■ EXTRACTED MATERIAL:
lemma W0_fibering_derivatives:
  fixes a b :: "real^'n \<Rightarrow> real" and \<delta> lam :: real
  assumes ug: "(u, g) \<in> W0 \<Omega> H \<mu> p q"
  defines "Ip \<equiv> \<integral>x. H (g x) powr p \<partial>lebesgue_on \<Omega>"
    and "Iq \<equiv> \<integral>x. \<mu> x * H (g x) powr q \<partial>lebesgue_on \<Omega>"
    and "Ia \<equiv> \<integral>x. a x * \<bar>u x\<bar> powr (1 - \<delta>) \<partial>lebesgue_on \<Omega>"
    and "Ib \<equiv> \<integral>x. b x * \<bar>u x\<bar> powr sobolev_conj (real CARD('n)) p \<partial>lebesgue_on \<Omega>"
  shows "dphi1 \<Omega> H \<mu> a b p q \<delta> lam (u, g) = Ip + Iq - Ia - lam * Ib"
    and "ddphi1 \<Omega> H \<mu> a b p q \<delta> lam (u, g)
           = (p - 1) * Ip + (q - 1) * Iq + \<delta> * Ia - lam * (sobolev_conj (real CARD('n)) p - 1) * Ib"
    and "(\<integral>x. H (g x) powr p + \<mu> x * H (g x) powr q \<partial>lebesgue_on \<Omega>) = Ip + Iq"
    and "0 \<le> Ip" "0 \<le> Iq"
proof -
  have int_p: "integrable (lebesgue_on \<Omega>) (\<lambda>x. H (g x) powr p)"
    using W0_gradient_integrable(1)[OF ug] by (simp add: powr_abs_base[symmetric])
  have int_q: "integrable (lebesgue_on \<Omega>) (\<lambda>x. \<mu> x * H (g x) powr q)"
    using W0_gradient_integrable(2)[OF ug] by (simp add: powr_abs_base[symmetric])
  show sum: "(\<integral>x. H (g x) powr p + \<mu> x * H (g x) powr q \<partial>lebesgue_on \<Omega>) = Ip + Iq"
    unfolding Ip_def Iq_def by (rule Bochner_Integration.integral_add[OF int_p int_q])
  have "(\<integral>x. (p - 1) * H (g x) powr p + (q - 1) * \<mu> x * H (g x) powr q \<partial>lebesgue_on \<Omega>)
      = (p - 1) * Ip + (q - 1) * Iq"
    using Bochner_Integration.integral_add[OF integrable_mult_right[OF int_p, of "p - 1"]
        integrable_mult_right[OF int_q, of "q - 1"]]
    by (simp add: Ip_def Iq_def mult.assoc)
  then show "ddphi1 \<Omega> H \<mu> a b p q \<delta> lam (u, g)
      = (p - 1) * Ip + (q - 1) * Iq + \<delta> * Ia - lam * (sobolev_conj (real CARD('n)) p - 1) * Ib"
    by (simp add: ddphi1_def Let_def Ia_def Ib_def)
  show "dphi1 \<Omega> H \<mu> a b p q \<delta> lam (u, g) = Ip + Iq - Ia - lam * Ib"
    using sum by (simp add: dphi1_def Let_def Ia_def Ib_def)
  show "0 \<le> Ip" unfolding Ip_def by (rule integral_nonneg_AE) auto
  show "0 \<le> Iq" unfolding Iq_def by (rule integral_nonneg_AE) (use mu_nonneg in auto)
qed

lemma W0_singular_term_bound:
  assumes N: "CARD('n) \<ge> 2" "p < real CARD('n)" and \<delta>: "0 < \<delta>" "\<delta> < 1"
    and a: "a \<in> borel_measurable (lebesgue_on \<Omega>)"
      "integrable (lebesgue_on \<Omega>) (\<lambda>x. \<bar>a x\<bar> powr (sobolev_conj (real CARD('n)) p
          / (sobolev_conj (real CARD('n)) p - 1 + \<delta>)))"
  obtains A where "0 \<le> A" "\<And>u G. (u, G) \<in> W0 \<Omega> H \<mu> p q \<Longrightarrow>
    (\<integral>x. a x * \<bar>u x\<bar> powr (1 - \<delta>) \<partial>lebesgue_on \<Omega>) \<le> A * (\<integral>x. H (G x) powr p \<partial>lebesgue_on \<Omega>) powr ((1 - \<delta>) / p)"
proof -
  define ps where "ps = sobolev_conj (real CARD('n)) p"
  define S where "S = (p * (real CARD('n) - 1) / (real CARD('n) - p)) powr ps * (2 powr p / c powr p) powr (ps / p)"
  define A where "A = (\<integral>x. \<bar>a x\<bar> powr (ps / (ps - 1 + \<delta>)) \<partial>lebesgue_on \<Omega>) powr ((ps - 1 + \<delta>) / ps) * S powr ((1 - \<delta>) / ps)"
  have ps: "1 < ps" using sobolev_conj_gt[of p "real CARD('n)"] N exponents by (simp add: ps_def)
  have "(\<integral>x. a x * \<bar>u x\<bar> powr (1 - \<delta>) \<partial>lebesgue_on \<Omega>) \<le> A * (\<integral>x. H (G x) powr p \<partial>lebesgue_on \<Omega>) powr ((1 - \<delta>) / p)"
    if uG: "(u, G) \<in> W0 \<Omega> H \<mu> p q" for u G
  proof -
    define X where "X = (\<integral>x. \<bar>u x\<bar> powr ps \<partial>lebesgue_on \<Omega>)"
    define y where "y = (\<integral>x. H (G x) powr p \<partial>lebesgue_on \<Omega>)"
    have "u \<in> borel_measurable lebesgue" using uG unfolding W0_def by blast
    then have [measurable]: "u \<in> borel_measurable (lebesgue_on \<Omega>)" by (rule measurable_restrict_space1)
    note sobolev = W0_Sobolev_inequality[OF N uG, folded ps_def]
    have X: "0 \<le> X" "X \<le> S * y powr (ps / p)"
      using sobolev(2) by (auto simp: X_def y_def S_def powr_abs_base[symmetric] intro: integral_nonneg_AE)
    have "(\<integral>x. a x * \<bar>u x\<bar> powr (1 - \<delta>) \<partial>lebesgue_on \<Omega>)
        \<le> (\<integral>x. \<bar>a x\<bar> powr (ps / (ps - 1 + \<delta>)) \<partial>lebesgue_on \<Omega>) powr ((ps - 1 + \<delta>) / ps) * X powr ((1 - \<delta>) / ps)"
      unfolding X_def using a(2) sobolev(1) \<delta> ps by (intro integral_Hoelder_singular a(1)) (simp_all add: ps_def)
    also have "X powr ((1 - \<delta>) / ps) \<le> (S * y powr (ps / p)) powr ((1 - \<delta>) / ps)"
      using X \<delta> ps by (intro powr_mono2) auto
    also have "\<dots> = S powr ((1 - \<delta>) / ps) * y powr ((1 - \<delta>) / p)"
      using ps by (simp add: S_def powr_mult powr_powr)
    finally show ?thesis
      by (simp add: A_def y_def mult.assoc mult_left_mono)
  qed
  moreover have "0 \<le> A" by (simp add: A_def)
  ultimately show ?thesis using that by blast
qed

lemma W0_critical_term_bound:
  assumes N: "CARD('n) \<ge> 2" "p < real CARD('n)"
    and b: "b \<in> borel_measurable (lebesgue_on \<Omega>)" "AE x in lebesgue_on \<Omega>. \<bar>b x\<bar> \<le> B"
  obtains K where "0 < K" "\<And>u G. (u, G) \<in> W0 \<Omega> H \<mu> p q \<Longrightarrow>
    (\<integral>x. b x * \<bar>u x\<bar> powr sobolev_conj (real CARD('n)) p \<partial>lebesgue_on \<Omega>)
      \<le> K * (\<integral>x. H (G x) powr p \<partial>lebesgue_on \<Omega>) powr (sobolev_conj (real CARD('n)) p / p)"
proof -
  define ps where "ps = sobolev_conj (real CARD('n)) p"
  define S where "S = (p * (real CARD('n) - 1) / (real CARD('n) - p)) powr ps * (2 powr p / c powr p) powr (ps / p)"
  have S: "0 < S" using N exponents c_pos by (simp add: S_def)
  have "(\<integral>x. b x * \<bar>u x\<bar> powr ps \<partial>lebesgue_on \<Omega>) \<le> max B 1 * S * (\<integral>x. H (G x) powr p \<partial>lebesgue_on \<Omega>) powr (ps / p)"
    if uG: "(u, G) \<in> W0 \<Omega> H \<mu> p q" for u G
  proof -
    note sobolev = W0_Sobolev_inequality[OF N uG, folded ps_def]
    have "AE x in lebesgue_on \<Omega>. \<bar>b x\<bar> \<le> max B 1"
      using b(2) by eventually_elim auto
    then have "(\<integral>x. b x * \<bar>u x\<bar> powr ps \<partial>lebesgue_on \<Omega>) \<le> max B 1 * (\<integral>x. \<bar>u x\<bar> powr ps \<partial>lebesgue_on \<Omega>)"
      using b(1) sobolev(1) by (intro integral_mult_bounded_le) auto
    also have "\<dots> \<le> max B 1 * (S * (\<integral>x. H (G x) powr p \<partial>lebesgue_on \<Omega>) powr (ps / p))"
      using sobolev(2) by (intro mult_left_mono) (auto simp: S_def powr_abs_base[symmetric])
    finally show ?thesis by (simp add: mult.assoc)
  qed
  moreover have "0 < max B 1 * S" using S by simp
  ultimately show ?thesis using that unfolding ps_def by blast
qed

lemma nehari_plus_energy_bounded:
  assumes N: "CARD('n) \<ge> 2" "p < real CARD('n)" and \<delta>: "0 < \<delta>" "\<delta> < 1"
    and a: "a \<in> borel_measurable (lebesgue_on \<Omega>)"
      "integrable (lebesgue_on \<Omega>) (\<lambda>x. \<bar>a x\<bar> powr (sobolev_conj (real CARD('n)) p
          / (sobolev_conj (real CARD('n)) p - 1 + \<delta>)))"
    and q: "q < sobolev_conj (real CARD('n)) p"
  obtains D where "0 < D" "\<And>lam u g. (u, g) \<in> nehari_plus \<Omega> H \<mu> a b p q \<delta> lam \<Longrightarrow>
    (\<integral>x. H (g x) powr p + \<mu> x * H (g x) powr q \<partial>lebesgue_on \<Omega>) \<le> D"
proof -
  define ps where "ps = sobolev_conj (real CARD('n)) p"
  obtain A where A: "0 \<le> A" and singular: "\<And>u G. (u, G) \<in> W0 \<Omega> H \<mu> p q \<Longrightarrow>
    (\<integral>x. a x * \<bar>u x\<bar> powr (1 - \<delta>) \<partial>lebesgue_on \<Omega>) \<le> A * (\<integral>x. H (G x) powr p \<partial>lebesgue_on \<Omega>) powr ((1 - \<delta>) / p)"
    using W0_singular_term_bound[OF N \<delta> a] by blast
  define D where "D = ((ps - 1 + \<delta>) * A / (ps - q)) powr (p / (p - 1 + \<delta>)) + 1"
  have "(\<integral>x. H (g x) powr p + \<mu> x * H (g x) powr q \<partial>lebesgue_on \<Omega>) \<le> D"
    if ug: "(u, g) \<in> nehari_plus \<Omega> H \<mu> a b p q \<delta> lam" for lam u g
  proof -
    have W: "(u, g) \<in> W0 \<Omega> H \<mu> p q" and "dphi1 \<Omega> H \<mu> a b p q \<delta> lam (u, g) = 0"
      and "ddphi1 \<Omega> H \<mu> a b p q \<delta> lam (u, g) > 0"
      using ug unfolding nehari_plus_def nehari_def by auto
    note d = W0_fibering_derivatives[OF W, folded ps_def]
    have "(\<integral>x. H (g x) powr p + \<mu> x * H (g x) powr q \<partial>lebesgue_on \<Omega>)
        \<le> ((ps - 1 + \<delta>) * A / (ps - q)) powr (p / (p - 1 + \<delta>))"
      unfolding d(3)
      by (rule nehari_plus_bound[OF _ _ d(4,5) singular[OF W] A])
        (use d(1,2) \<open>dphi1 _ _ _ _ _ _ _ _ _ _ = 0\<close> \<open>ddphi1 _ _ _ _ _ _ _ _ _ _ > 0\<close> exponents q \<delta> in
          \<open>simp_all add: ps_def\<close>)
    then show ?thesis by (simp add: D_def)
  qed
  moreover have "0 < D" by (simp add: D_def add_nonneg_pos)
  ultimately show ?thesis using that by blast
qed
---
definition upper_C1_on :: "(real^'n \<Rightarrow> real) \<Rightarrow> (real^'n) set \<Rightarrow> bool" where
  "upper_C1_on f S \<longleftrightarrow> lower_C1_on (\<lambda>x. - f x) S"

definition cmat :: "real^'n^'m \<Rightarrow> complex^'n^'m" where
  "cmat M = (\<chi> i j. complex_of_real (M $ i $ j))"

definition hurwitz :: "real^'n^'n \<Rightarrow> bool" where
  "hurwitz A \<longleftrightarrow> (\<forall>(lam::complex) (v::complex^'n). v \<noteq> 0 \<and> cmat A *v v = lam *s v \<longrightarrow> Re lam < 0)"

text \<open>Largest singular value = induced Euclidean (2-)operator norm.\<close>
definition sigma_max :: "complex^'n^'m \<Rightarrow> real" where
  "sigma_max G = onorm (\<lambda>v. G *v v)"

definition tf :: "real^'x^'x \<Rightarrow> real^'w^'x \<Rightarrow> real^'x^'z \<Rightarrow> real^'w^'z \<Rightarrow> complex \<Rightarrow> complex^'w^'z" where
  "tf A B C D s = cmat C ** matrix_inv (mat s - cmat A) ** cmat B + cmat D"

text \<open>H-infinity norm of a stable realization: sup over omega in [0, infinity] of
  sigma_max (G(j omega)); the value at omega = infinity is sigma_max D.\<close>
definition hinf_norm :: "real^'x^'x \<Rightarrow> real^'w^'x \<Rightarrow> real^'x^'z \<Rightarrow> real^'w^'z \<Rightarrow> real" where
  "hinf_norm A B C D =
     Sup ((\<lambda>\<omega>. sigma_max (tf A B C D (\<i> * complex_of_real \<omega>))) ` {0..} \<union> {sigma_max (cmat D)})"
* * *
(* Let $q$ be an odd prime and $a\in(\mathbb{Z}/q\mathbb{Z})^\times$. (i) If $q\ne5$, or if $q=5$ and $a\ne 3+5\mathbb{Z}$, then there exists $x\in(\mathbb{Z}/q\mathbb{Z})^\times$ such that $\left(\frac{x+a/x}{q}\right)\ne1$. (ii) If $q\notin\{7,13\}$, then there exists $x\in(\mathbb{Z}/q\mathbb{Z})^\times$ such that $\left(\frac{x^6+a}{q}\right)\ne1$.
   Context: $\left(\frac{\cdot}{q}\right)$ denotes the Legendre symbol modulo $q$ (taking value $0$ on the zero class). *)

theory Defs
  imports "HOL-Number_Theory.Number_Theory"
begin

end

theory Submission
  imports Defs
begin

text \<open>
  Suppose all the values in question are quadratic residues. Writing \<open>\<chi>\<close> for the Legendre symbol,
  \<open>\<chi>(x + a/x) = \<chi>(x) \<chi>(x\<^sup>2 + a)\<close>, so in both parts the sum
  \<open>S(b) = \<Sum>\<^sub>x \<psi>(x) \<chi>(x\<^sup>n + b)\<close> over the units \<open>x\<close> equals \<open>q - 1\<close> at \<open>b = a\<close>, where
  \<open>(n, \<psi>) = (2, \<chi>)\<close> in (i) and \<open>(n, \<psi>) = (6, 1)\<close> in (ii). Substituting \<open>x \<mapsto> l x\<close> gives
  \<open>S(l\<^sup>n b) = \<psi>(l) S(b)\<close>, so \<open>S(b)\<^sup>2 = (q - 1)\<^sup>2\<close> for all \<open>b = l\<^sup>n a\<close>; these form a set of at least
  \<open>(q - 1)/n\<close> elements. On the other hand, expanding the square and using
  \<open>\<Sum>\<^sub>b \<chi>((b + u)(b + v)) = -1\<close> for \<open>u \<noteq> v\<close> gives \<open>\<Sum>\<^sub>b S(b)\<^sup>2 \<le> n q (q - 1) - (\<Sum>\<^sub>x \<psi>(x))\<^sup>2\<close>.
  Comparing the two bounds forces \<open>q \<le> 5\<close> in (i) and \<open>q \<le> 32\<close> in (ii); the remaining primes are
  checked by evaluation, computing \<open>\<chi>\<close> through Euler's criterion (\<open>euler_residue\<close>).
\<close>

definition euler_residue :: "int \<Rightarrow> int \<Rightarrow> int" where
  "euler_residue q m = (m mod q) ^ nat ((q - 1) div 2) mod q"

■ ABOUT THIS TASK: Whenever the word "obtains" appears in a line above, copy that line.

■ TASK ANSWER:
  obtains A where "0 \<le> A" "\<And>u G. (u, G) \<in> W0 \<Omega> H \<mu> p q \<Longrightarrow>
  obtains K where "0 < K" "\<And>u G. (u, G) \<in> W0 \<Omega> H \<mu> p q \<Longrightarrow>
  obtains D where "0 < D" "\<And>lam u g. (u, g) \<in> nehari_plus \<Omega> H \<mu> a b p q \<delta> lam \<Longrightarrow>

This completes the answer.